◆ **What to work on**
Below this sentence is a listing; return exactly its lines from the one with "set \<Rightarrow> (nat" to the one with "(sig_event i \<theta>)", both kept, and nothing more.

======== Entries supplied

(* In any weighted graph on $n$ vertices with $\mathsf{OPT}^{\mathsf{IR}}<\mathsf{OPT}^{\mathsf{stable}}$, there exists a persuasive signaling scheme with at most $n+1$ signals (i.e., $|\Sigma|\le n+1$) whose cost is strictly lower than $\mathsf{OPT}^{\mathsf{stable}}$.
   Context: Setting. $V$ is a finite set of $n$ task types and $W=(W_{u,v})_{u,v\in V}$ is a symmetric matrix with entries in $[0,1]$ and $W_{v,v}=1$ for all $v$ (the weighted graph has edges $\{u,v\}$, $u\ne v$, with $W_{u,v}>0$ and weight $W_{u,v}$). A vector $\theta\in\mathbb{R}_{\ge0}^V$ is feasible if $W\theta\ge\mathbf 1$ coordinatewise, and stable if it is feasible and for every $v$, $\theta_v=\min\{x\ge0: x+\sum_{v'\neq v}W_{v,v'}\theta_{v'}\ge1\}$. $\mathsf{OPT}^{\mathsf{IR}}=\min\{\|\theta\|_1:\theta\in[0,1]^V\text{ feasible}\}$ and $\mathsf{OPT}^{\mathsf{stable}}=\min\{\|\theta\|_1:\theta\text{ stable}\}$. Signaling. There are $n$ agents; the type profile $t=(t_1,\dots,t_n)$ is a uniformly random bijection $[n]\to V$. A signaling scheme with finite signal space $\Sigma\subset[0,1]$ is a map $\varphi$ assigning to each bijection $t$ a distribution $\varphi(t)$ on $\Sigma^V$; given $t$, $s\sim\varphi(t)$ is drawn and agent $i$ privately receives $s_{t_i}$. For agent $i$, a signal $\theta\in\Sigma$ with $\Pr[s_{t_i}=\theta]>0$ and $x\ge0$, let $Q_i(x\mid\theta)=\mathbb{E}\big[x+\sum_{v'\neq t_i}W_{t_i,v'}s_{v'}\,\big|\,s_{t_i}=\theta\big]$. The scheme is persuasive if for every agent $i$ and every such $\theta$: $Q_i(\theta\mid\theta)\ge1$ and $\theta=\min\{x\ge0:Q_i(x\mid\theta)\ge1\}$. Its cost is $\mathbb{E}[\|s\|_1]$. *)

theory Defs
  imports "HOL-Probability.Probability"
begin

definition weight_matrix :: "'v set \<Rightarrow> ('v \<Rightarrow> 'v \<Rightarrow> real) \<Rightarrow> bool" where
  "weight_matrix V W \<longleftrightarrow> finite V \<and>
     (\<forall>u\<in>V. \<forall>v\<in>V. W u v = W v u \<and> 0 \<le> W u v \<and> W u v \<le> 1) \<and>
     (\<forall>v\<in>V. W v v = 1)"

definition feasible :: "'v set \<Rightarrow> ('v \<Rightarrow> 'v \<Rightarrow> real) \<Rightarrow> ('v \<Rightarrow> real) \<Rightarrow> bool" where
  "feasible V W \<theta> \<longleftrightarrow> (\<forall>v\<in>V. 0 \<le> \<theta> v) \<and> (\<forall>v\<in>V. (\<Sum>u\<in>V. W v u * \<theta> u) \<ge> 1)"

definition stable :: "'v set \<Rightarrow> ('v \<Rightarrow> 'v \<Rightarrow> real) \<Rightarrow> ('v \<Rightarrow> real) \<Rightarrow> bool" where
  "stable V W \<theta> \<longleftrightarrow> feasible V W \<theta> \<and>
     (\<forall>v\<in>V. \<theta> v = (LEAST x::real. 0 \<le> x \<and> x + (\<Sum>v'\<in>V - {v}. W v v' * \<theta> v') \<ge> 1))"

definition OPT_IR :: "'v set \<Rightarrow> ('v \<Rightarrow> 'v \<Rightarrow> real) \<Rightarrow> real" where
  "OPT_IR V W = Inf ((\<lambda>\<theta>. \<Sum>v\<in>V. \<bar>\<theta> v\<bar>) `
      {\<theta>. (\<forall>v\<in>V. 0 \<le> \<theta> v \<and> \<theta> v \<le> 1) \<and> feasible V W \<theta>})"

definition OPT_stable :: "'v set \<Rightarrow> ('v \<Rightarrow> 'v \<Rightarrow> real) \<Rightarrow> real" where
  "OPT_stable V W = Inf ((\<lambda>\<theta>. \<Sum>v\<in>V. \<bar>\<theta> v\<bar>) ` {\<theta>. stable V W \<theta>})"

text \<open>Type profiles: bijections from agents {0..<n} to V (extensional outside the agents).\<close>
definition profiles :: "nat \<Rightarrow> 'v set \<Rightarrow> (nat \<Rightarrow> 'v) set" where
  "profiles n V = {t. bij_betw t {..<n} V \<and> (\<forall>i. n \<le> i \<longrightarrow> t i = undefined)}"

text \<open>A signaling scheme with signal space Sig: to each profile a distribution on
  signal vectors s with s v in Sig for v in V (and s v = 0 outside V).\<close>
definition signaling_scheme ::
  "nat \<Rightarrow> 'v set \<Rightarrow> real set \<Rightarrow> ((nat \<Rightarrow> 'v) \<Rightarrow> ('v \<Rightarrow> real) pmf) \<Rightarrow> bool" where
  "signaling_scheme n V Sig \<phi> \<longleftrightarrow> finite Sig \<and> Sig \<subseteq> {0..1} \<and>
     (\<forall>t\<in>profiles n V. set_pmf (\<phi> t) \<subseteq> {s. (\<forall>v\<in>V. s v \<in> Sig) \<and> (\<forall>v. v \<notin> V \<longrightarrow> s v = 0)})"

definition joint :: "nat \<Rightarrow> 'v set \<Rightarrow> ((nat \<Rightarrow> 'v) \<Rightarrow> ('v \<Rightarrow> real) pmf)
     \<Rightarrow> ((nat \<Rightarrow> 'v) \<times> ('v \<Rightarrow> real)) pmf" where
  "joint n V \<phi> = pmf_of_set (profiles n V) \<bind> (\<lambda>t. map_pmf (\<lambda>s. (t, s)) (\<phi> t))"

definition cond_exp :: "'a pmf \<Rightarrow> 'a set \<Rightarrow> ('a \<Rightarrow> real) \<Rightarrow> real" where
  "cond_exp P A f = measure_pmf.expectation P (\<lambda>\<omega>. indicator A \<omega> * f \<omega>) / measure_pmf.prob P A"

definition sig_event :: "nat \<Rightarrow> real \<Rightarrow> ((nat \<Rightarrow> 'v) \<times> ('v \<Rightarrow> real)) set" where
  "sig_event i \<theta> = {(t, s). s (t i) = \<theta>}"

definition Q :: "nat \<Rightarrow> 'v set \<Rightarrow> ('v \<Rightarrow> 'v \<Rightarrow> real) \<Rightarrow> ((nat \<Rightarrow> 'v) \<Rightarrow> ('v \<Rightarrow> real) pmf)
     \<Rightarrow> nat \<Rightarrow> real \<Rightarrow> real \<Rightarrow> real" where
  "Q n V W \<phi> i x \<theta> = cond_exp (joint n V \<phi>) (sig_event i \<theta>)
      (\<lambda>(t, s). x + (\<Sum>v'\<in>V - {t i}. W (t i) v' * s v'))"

================

◆ **Solution**
definition profiles :: "nat \<Rightarrow> 'v set \<Rightarrow> (nat \<Rightarrow> 'v) set" where
  "profiles n V = {t. bij_betw t {..<n} V \<and> (\<forall>i. n \<le> i \<longrightarrow> t i = undefined)}"

text \<open>A signaling scheme with signal space Sig: to each profile a distribution on
  signal vectors s with s v in Sig for v in V (and s v = 0 outside V).\<close>
definition signaling_scheme ::
  "nat \<Rightarrow> 'v set \<Rightarrow> real set \<Rightarrow> ((nat \<Rightarrow> 'v) \<Rightarrow> ('v \<Rightarrow> real) pmf) \<Rightarrow> bool" where
  "signaling_scheme n V Sig \<phi> \<longleftrightarrow> finite Sig \<and> Sig \<subseteq> {0..1} \<and>
     (\<forall>t\<in>profiles n V. set_pmf (\<phi> t) \<subseteq> {s. (\<forall>v\<in>V. s v \<in> Sig) \<and> (\<forall>v. v \<notin> V \<longrightarrow> s v = 0)})"

definition joint :: "nat \<Rightarrow> 'v set \<Rightarrow> ((nat \<Rightarrow> 'v) \<Rightarrow> ('v \<Rightarrow> real) pmf)
     \<Rightarrow> ((nat \<Rightarrow> 'v) \<times> ('v \<Rightarrow> real)) pmf" where
  "joint n V \<phi> = pmf_of_set (profiles n V) \<bind> (\<lambda>t. map_pmf (\<lambda>s. (t, s)) (\<phi> t))"

definition cond_exp :: "'a pmf \<Rightarrow> 'a set \<Rightarrow> ('a \<Rightarrow> real) \<Rightarrow> real" where
  "cond_exp P A f = measure_pmf.expectation P (\<lambda>\<omega>. indicator A \<omega> * f \<omega>) / measure_pmf.prob P A"

definition sig_event :: "nat \<Rightarrow> real \<Rightarrow> ((nat \<Rightarrow> 'v) \<times> ('v \<Rightarrow> real)) set" where
  "sig_event i \<theta> = {(t, s). s (t i) = \<theta>}"

definition Q :: "nat \<Rightarrow> 'v set \<Rightarrow> ('v \<Rightarrow> 'v \<Rightarrow> real) \<Rightarrow> ((nat \<Rightarrow> 'v) \<Rightarrow> ('v \<Rightarrow> real) pmf)
     \<Rightarrow> nat \<Rightarrow> real \<Rightarrow> real \<Rightarrow> real" where
  "Q n V W \<phi> i x \<theta> = cond_exp (joint n V \<phi>) (sig_event i \<theta>)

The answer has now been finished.